- [Task inputs]:
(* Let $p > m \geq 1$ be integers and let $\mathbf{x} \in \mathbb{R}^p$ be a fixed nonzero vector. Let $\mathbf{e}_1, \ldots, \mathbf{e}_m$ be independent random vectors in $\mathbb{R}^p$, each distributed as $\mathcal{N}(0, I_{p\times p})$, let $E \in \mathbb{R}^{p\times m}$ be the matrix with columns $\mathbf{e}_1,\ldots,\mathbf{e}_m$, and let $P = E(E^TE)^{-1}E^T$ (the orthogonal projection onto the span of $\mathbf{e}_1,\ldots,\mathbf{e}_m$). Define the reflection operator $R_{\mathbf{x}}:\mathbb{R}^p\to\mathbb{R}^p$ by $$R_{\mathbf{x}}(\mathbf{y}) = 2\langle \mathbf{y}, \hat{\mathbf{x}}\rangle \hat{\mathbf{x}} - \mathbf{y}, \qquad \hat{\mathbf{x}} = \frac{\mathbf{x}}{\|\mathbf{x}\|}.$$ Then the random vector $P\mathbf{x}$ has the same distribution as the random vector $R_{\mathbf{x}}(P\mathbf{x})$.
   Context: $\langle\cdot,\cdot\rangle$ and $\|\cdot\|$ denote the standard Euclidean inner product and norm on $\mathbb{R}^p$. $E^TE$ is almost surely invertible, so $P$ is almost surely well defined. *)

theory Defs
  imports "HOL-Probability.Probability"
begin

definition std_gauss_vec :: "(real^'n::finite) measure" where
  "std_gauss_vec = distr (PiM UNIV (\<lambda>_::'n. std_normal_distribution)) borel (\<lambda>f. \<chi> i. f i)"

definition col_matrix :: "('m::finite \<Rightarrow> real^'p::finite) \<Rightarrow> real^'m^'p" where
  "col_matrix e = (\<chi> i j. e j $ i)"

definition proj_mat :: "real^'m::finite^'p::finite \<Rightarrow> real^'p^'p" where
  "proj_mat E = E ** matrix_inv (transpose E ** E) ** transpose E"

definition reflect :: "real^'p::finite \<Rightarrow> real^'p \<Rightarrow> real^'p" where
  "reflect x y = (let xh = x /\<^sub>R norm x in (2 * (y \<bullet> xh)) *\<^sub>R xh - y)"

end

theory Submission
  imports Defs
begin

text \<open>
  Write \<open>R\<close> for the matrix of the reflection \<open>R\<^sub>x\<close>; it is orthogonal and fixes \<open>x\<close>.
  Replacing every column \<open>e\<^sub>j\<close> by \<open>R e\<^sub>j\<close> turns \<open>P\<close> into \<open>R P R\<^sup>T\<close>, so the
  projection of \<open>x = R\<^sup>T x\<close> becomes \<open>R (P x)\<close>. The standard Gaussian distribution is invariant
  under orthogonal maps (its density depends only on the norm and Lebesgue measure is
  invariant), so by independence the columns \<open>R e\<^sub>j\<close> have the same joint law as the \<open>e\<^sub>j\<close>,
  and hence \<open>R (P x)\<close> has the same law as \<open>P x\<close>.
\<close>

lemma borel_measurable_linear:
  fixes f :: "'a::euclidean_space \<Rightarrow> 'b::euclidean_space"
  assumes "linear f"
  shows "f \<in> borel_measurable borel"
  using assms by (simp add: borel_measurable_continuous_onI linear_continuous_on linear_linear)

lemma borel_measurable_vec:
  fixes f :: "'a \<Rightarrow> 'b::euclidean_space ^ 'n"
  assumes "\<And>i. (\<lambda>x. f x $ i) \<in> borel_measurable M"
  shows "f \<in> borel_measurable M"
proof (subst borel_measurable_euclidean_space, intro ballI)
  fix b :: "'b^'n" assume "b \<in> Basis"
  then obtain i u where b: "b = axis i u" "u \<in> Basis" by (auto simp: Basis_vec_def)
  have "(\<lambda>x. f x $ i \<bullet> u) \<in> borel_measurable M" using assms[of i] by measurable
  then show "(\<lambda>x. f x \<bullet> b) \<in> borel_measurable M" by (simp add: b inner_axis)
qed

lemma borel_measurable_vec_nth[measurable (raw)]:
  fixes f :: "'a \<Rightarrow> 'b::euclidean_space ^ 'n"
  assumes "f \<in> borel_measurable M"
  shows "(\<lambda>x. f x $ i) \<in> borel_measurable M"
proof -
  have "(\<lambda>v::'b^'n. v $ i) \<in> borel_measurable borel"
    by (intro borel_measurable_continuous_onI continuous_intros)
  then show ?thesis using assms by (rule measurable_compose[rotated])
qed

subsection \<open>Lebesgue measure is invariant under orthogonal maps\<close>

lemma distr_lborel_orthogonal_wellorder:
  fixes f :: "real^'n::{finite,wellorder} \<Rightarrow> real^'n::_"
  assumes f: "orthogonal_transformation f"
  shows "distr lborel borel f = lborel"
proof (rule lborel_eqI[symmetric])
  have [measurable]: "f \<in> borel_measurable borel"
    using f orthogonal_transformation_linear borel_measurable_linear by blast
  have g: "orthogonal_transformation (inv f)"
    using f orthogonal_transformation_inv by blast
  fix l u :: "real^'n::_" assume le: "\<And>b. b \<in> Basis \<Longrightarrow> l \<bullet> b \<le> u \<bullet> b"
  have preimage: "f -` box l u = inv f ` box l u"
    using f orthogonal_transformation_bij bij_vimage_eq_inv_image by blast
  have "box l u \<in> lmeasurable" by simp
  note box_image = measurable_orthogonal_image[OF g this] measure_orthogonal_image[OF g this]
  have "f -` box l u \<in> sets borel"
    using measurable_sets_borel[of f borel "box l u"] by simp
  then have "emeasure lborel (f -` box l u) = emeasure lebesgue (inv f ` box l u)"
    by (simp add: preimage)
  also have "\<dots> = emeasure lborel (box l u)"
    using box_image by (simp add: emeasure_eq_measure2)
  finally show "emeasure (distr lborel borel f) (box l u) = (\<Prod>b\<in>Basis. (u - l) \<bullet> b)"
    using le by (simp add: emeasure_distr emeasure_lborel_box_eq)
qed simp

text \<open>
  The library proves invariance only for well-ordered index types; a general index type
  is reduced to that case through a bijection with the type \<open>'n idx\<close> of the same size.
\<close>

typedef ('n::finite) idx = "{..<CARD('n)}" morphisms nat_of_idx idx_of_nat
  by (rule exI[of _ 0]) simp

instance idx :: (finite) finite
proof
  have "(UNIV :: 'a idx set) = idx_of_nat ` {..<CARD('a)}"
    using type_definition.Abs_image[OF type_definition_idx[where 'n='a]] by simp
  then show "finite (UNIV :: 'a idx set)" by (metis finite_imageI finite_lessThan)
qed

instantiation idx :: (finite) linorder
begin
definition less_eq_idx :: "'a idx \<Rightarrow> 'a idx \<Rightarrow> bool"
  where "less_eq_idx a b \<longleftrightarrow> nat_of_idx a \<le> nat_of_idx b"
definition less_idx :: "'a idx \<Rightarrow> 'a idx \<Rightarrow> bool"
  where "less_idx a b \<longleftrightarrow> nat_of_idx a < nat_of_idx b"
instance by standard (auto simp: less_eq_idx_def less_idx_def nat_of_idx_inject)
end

- [Assignment]: Looking at the data above, return every line from the one with "imports Defs" down to the one with "i] by measurable", exactly and inclusively.

- [Written response]:
  imports Defs
begin

text \<open>
  Write \<open>R\<close> for the matrix of the reflection \<open>R\<^sub>x\<close>; it is orthogonal and fixes \<open>x\<close>.
  Replacing every column \<open>e\<^sub>j\<close> by \<open>R e\<^sub>j\<close> turns \<open>P\<close> into \<open>R P R\<^sup>T\<close>, so the
  projection of \<open>x = R\<^sup>T x\<close> becomes \<open>R (P x)\<close>. The standard Gaussian distribution is invariant
  under orthogonal maps (its density depends only on the norm and Lebesgue measure is
  invariant), so by independence the columns \<open>R e\<^sub>j\<close> have the same joint law as the \<open>e\<^sub>j\<close>,
  and hence \<open>R (P x)\<close> has the same law as \<open>P x\<close>.
\<close>

lemma borel_measurable_linear:
  fixes f :: "'a::euclidean_space \<Rightarrow> 'b::euclidean_space"
  assumes "linear f"
  shows "f \<in> borel_measurable borel"
  using assms by (simp add: borel_measurable_continuous_onI linear_continuous_on linear_linear)

lemma borel_measurable_vec:
  fixes f :: "'a \<Rightarrow> 'b::euclidean_space ^ 'n"
  assumes "\<And>i. (\<lambda>x. f x $ i) \<in> borel_measurable M"
  shows "f \<in> borel_measurable M"
proof (subst borel_measurable_euclidean_space, intro ballI)
  fix b :: "'b^'n" assume "b \<in> Basis"
  then obtain i u where b: "b = axis i u" "u \<in> Basis" by (auto simp: Basis_vec_def)
  have "(\<lambda>x. f x $ i \<bullet> u) \<in> borel_measurable M" using assms[of i] by measurable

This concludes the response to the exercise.